Renovations can be costly.
The Maryland Department of Housing and Community Development has long offered a loan program to older homeowners for accessibility-related improvements. A 2010 state task force on aging prompted the program to add grants, which has helped increase participation, said Jack Daniels, deputy director of special loans.
The department approved more than $900,000 in grants to 44 homeowners over age 55 for renovations in the last fiscal year and is on track to sign off on $1.2 million by June, he said.
"Anytime that we can help our citizens stay in their homes, it's going to increase economic impact, it's going to help fix up the community," he said. "And it's the right thing to do."
Some states and jurisdictions have explored ways to encourage builders to incorporate the principles, with tools like tax credits or state-verified certifications.
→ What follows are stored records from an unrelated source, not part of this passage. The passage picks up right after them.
(* Assume the setting described in the context. Suppose $A=\mathbb E[\mathbf P^H\mathbf P]$ is invertible, that $\|\mathbf P\|\le B_P$ almost surely for some constant $B_P<\infty$, and that $\langle \mathbf X\rangle_2<\infty$ and $\langle \mathbf E\rangle_2<\infty$. Then, for fixed $p,q$, $$\mathbb E\|\mu_n-\mu_0\| = O\!\left(\frac{1}{\sqrt n}\right)\quad (n\to\infty).$$ In particular $\mu_n$ is a consistent estimator of $\mu_0$.
   Context: Setting: $\mathbf X$ is a random vector in $\mathbb C^p$ with $\mathbb E[\mathbf X]=\mu_0$ and covariance matrix $\Sigma_0$; $\mathbf P$ is a random $q\times p$ complex matrix; $\mathbf E$ is a random vector in $\mathbb C^q$ with $\mathbb E[\mathbf E]=0$ and covariance $\sigma^2 I_q$ ($\sigma^2$ known); $\mathbf X,\mathbf P,\mathbf E$ are independent and $\mathbf I=\mathbf P\mathbf X+\mathbf E$. Let $(\mathbf X_s,\mathbf P_s,\mathbf E_s)$, $s=1,\dots,n$, be i.i.d. copies of $(\mathbf X,\mathbf P,\mathbf E)$ and $\mathbf I_s=\mathbf P_s\mathbf X_s+\mathbf E_s$; only $(\mathbf I_s,\mathbf P_s)$ are observed. Norms $\|\cdot\|$ are the Euclidean norm on vectors and the operator norm on matrices/operators; $^H$ is conjugate transpose. Define $A_n=\frac1n\sum_{s}P_s^HP_s$, $b_n=\frac1n\sum_s P_s^HI_s$, $A=\mathbb E[\mathbf P^H\mathbf P]$. The estimator is $\mu_n=A_n^{-1}b_n$ if $A_n$ is invertible and $\|A_n^{-1}\|\le 2\|A^{-1}\|$, and $\mu_n=0$ otherwise. For a random vector $\mathbf Y$, $\langle \mathbf Y\rangle_j=\big(\mathbb E\|\mathbf Y-\mathbb E\mathbf Y\|^j\big)^{1/j}$. *)

theory Defs
  imports "HOL-Probability.Probability" "HOL-Library.Landau_Symbols"
begin

definition cadj :: "complex^'n^'m \<Rightarrow> complex^'m^'n" where
  "cadj M = (\<chi> i j. cnj (M $ j $ i))"

definition opnorm :: "complex^'n^'m \<Rightarrow> real" where
  "opnorm M = onorm (\<lambda>x. M *v x)"

definition A_n :: "(nat \<Rightarrow> 'w \<Rightarrow> complex^'p^'q) \<Rightarrow> nat \<Rightarrow> 'w \<Rightarrow> complex^'p^'p" where
  "A_n Ps n \<omega> = (1 / real n) *\<^sub>R (\<Sum>s<n. cadj (Ps s \<omega>) ** Ps s \<omega>)"

definition b_n :: "(nat \<Rightarrow> 'w \<Rightarrow> complex^'p^'q) \<Rightarrow> (nat \<Rightarrow> 'w \<Rightarrow> complex^'q) \<Rightarrow> nat \<Rightarrow> 'w \<Rightarrow> complex^'p" where
  "b_n Ps Is n \<omega> = (1 / real n) *\<^sub>R (\<Sum>s<n. cadj (Ps s \<omega>) *v Is s \<omega>)"

definition mu_n :: "complex^'p^'p \<Rightarrow> (nat \<Rightarrow> 'w \<Rightarrow> complex^'p^'q) \<Rightarrow> (nat \<Rightarrow> 'w \<Rightarrow> complex^'q)
                    \<Rightarrow> nat \<Rightarrow> 'w \<Rightarrow> complex^'p" where
  "mu_n A Ps Is n \<omega> =
     (if invertible (A_n Ps n \<omega>) \<and> opnorm (matrix_inv (A_n Ps n \<omega>)) \<le> 2 * opnorm (matrix_inv A)
      then matrix_inv (A_n Ps n \<omega>) *v b_n Ps Is n \<omega> else 0)"

end

theory Submission
  imports Defs
begin

text \<open>
  Both \<open>b_n - A_n \<mu>0 = (1/n) \<Sum>s P_s\<^sup>H (P_s (X_s - \<mu>0) + E_s)\<close> and
  \<open>A_n - A = (1/n) \<Sum>s (P_s\<^sup>H P_s - A)\<close> are normalised sums of i.i.d. centred vectors
  (centred because \<open>P\<close> is independent of \<open>X\<close> and of \<open>E\<close>), so their squared norms have
  expectation \<open>O(1/n)\<close>. When the guard accepts \<open>A_n\<close>, the error
  \<open>\<mu>_n - \<mu>0 = A_n\<^sup>-\<^sup>1 (b_n - A_n \<mu>0)\<close> is at most \<open>2 \<parallel>A\<^sup>-\<^sup>1\<parallel> \<parallel>b_n - A_n \<mu>0\<parallel>\<close>.
  By a Neumann-series perturbation argument the guard can only reject when
  \<open>\<parallel>A\<^sup>-\<^sup>1\<parallel> \<parallel>A_n - A\<parallel> > 1/2\<close>, and then \<open>\<parallel>\<mu>0\<parallel>\<close> is bounded by a multiple of
  \<open>\<parallel>A_n - A\<parallel>\<^sup>2\<close>. Taking expectations gives \<open>E \<parallel>\<mu>_n - \<mu>0\<parallel> = O(1/\<surd>n)\<close>, and Markov's
  inequality turns this into consistency.
\<close>

section \<open>Operator norms of complex matrices\<close>

lemma opnorm_matrix_vector_le: "norm (N *v v) \<le> opnorm N * norm v"
  unfolding opnorm_def by (rule onorm) simp

lemma opnorm_nonneg: "0 \<le> opnorm N"
  unfolding opnorm_def by (rule onorm_pos_le) simp

lemma opnorm_le: "(\<And>v. norm (N *v v) \<le> b * norm v) \<Longrightarrow> opnorm N \<le> b"
  unfolding opnorm_def by (rule onorm_le)

lemma opnorm_triangle: "opnorm (N + L) \<le> opnorm N + opnorm L"
  unfolding opnorm_def matrix_vector_mult_add_rdistrib by (rule onorm_triangle) simp_all

lemma opnorm_minus_commute: "opnorm (N - L) = opnorm (L - N)"
proof -
  have "(\<lambda>v. (N - L) *v v) = (\<lambda>v. - ((L - N) *v v))"
    by (simp add: fun_eq_iff matrix_vector_mult_diff_rdistrib)
  then show ?thesis
    unfolding opnorm_def by (simp add: onorm_neg)
qed

lemma opnorm_matrix_mult_le: "opnorm (N ** L) \<le> opnorm N * opnorm L"
proof (rule opnorm_le)
  fix v
  have "norm ((N ** L) *v v) \<le> opnorm N * norm (L *v v)"
    by (metis matrix_vector_mul_assoc opnorm_matrix_vector_le)
  also have "\<dots> \<le> opnorm N * (opnorm L * norm v)"
    by (intro mult_left_mono opnorm_matrix_vector_le opnorm_nonneg)
  finally show "norm ((N ** L) *v v) \<le> opnorm N * opnorm L * norm v"
    by (simp add: mult.assoc)
qed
Lynott said the AARP supports having standards incorporated into building codes.
It's expensive in the long run to rely on renovations, Lynott said.
"Every bit helps," she said. "In the long term, we will get more bang for our buck with good accessible design upfront, but given the slow turnover of our housing stock, we definitely need those other types of programs as well."
Accessible housing is an issue The Arc Baltimore, which serves about 300 people with intellectual and development disabilities in its residential program, struggles with. The agency reopened a home in November that was remodeled to make it more accessible with contributions from the Home Builders Care Foundation of Maryland.
But as its clients age, there is more work to be done — and it's not easy to find new units or secure the money to make needed changes, said Kate McGuire, the organization's chief advancement officer.